__EXERCISE REQUIREMENTS__
I need all the entries repeated exactly as written.

● ● ● ● ● ● ●

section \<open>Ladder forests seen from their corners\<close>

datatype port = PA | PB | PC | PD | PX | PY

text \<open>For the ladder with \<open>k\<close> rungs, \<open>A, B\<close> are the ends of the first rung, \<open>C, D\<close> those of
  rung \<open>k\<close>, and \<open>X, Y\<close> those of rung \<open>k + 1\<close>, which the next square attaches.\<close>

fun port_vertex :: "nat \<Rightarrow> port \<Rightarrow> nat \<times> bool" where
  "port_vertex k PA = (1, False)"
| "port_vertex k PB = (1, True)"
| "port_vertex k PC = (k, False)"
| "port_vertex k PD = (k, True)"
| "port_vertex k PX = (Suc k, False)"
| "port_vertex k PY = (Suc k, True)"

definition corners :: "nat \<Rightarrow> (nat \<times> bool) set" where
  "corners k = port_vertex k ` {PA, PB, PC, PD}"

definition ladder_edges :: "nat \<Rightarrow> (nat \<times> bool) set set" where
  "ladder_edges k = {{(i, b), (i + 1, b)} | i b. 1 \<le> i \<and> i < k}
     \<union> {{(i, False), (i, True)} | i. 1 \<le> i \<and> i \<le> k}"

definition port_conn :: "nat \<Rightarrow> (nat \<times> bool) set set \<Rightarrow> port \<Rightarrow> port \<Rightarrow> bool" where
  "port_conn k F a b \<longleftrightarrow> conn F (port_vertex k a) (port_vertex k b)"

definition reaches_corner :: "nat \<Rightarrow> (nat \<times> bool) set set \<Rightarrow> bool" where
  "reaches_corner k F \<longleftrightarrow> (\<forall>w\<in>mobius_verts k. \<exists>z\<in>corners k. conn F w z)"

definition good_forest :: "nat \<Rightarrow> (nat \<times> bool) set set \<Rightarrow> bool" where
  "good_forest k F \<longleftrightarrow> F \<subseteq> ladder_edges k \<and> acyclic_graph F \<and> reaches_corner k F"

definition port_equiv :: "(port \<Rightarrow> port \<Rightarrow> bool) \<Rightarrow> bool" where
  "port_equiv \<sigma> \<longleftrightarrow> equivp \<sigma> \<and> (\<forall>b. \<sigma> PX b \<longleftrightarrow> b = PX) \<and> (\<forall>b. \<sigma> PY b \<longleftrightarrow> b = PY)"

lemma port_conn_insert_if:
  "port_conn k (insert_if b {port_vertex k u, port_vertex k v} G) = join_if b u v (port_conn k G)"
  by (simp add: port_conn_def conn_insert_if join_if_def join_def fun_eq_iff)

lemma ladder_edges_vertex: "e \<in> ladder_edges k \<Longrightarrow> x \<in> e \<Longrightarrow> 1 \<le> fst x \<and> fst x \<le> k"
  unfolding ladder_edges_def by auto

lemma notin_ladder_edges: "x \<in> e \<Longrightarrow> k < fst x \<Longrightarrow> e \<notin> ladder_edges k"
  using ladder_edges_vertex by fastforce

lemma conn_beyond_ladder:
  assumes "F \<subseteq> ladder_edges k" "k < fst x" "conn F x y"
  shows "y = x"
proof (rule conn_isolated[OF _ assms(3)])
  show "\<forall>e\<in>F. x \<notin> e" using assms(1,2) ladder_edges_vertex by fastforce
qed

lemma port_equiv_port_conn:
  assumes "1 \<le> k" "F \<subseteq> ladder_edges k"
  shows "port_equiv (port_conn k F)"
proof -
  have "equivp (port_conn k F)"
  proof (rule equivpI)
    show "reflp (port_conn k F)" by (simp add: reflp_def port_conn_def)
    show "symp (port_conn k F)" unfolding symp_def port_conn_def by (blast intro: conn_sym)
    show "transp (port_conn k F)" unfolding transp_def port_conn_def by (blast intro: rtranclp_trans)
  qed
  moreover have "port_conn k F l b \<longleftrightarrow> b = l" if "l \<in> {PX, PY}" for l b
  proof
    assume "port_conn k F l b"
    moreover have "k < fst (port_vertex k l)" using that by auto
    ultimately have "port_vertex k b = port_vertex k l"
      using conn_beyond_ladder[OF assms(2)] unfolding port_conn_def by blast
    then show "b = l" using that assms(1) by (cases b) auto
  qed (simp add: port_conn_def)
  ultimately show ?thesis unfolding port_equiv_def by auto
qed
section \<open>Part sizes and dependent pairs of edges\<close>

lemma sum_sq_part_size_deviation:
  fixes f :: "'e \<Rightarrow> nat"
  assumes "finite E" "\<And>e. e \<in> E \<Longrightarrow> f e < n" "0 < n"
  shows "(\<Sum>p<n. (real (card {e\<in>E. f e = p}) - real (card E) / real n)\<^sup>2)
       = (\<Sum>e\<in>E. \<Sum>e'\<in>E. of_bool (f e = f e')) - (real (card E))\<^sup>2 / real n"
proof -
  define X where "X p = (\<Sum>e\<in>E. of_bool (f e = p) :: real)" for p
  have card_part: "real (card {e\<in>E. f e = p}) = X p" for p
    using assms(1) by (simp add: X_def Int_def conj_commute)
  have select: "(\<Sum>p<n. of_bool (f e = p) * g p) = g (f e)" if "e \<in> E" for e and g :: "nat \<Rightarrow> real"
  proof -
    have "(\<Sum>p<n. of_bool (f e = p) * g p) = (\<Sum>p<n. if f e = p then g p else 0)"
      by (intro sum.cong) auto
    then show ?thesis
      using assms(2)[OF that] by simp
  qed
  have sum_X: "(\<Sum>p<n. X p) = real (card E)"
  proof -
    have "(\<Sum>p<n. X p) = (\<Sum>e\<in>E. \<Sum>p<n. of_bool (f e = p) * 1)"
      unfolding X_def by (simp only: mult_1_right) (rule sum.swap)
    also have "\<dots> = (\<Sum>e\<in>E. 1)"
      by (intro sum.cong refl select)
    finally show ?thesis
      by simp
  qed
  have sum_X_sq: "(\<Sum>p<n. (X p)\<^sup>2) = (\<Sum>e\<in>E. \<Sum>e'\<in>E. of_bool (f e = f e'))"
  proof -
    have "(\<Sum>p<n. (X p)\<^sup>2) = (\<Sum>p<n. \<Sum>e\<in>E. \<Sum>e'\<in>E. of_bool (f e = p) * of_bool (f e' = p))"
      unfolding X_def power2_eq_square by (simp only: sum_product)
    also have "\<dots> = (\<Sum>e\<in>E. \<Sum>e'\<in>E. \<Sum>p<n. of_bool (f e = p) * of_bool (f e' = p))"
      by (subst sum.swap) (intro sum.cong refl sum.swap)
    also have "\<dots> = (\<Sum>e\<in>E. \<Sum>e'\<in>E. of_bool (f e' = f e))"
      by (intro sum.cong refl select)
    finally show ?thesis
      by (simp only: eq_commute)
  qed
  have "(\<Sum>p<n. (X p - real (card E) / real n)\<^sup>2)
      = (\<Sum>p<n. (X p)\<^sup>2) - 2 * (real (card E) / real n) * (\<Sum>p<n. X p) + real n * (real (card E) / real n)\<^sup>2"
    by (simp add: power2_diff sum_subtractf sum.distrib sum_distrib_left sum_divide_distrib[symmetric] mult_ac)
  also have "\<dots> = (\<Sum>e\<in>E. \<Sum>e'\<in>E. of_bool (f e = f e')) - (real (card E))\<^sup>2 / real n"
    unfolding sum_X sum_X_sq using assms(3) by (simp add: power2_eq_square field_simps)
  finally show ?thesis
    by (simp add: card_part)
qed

● ● ● ● ● ● ●

__FINAL ANSWER__
section \<open>Ladder forests seen from their corners\<close>

datatype port = PA | PB | PC | PD | PX | PY

text \<open>For the ladder with \<open>k\<close> rungs, \<open>A, B\<close> are the ends of the first rung, \<open>C, D\<close> those of
  rung \<open>k\<close>, and \<open>X, Y\<close> those of rung \<open>k + 1\<close>, which the next square attaches.\<close>

fun port_vertex :: "nat \<Rightarrow> port \<Rightarrow> nat \<times> bool" where
  "port_vertex k PA = (1, False)"
| "port_vertex k PB = (1, True)"
| "port_vertex k PC = (k, False)"
| "port_vertex k PD = (k, True)"
| "port_vertex k PX = (Suc k, False)"
| "port_vertex k PY = (Suc k, True)"

definition corners :: "nat \<Rightarrow> (nat \<times> bool) set" where
  "corners k = port_vertex k ` {PA, PB, PC, PD}"

definition ladder_edges :: "nat \<Rightarrow> (nat \<times> bool) set set" where
  "ladder_edges k = {{(i, b), (i + 1, b)} | i b. 1 \<le> i \<and> i < k}
     \<union> {{(i, False), (i, True)} | i. 1 \<le> i \<and> i \<le> k}"

definition port_conn :: "nat \<Rightarrow> (nat \<times> bool) set set \<Rightarrow> port \<Rightarrow> port \<Rightarrow> bool" where
  "port_conn k F a b \<longleftrightarrow> conn F (port_vertex k a) (port_vertex k b)"

definition reaches_corner :: "nat \<Rightarrow> (nat \<times> bool) set set \<Rightarrow> bool" where
  "reaches_corner k F \<longleftrightarrow> (\<forall>w\<in>mobius_verts k. \<exists>z\<in>corners k. conn F w z)"

definition good_forest :: "nat \<Rightarrow> (nat \<times> bool) set set \<Rightarrow> bool" where
  "good_forest k F \<longleftrightarrow> F \<subseteq> ladder_edges k \<and> acyclic_graph F \<and> reaches_corner k F"

definition port_equiv :: "(port \<Rightarrow> port \<Rightarrow> bool) \<Rightarrow> bool" where
  "port_equiv \<sigma> \<longleftrightarrow> equivp \<sigma> \<and> (\<forall>b. \<sigma> PX b \<longleftrightarrow> b = PX) \<and> (\<forall>b. \<sigma> PY b \<longleftrightarrow> b = PY)"

lemma port_conn_insert_if:
  "port_conn k (insert_if b {port_vertex k u, port_vertex k v} G) = join_if b u v (port_conn k G)"
  by (simp add: port_conn_def conn_insert_if join_if_def join_def fun_eq_iff)

lemma ladder_edges_vertex: "e \<in> ladder_edges k \<Longrightarrow> x \<in> e \<Longrightarrow> 1 \<le> fst x \<and> fst x \<le> k"
  unfolding ladder_edges_def by auto

lemma notin_ladder_edges: "x \<in> e \<Longrightarrow> k < fst x \<Longrightarrow> e \<notin> ladder_edges k"
  using ladder_edges_vertex by fastforce

lemma conn_beyond_ladder:
  assumes "F \<subseteq> ladder_edges k" "k < fst x" "conn F x y"
  shows "y = x"
proof (rule conn_isolated[OF _ assms(3)])
  show "\<forall>e\<in>F. x \<notin> e" using assms(1,2) ladder_edges_vertex by fastforce
qed

lemma port_equiv_port_conn:
  assumes "1 \<le> k" "F \<subseteq> ladder_edges k"
  shows "port_equiv (port_conn k F)"
proof -
  have "equivp (port_conn k F)"
  proof (rule equivpI)
    show "reflp (port_conn k F)" by (simp add: reflp_def port_conn_def)
    show "symp (port_conn k F)" unfolding symp_def port_conn_def by (blast intro: conn_sym)
    show "transp (port_conn k F)" unfolding transp_def port_conn_def by (blast intro: rtranclp_trans)
  qed
  moreover have "port_conn k F l b \<longleftrightarrow> b = l" if "l \<in> {PX, PY}" for l b
  proof
    assume "port_conn k F l b"
    moreover have "k < fst (port_vertex k l)" using that by auto
    ultimately have "port_vertex k b = port_vertex k l"
      using conn_beyond_ladder[OF assms(2)] unfolding port_conn_def by blast
    then show "b = l" using that assms(1) by (cases b) auto
  qed (simp add: port_conn_def)
  ultimately show ?thesis unfolding port_equiv_def by auto
qed
section \<open>Part sizes and dependent pairs of edges\<close>

lemma sum_sq_part_size_deviation:
  fixes f :: "'e \<Rightarrow> nat"
  assumes "finite E" "\<And>e. e \<in> E \<Longrightarrow> f e < n" "0 < n"
  shows "(\<Sum>p<n. (real (card {e\<in>E. f e = p}) - real (card E) / real n)\<^sup>2)
       = (\<Sum>e\<in>E. \<Sum>e'\<in>E. of_bool (f e = f e')) - (real (card E))\<^sup>2 / real n"
proof -
  define X where "X p = (\<Sum>e\<in>E. of_bool (f e = p) :: real)" for p
  have card_part: "real (card {e\<in>E. f e = p}) = X p" for p
    using assms(1) by (simp add: X_def Int_def conj_commute)
  have select: "(\<Sum>p<n. of_bool (f e = p) * g p) = g (f e)" if "e \<in> E" for e and g :: "nat \<Rightarrow> real"
  proof -
    have "(\<Sum>p<n. of_bool (f e = p) * g p) = (\<Sum>p<n. if f e = p then g p else 0)"
      by (intro sum.cong) auto
    then show ?thesis
      using assms(2)[OF that] by simp
  qed
  have sum_X: "(\<Sum>p<n. X p) = real (card E)"
  proof -
    have "(\<Sum>p<n. X p) = (\<Sum>e\<in>E. \<Sum>p<n. of_bool (f e = p) * 1)"
      unfolding X_def by (simp only: mult_1_right) (rule sum.swap)
    also have "\<dots> = (\<Sum>e\<in>E. 1)"
      by (intro sum.cong refl select)
    finally show ?thesis
      by simp
  qed
  have sum_X_sq: "(\<Sum>p<n. (X p)\<^sup>2) = (\<Sum>e\<in>E. \<Sum>e'\<in>E. of_bool (f e = f e'))"
  proof -
    have "(\<Sum>p<n. (X p)\<^sup>2) = (\<Sum>p<n. \<Sum>e\<in>E. \<Sum>e'\<in>E. of_bool (f e = p) * of_bool (f e' = p))"
      unfolding X_def power2_eq_square by (simp only: sum_product)
    also have "\<dots> = (\<Sum>e\<in>E. \<Sum>e'\<in>E. \<Sum>p<n. of_bool (f e = p) * of_bool (f e' = p))"
      by (subst sum.swap) (intro sum.cong refl sum.swap)
    also have "\<dots> = (\<Sum>e\<in>E. \<Sum>e'\<in>E. of_bool (f e' = f e))"
      by (intro sum.cong refl select)
    finally show ?thesis
      by (simp only: eq_commute)
  qed
  have "(\<Sum>p<n. (X p - real (card E) / real n)\<^sup>2)
      = (\<Sum>p<n. (X p)\<^sup>2) - 2 * (real (card E) / real n) * (\<Sum>p<n. X p) + real n * (real (card E) / real n)\<^sup>2"
    by (simp add: power2_diff sum_subtractf sum.distrib sum_distrib_left sum_divide_distrib[symmetric] mult_ac)
  also have "\<dots> = (\<Sum>e\<in>E. \<Sum>e'\<in>E. of_bool (f e = f e')) - (real (card E))\<^sup>2 / real n"
    unfolding sum_X sum_X_sq using assms(3) by (simp add: power2_eq_square field_simps)
  finally show ?thesis
    by (simp add: card_part)
qed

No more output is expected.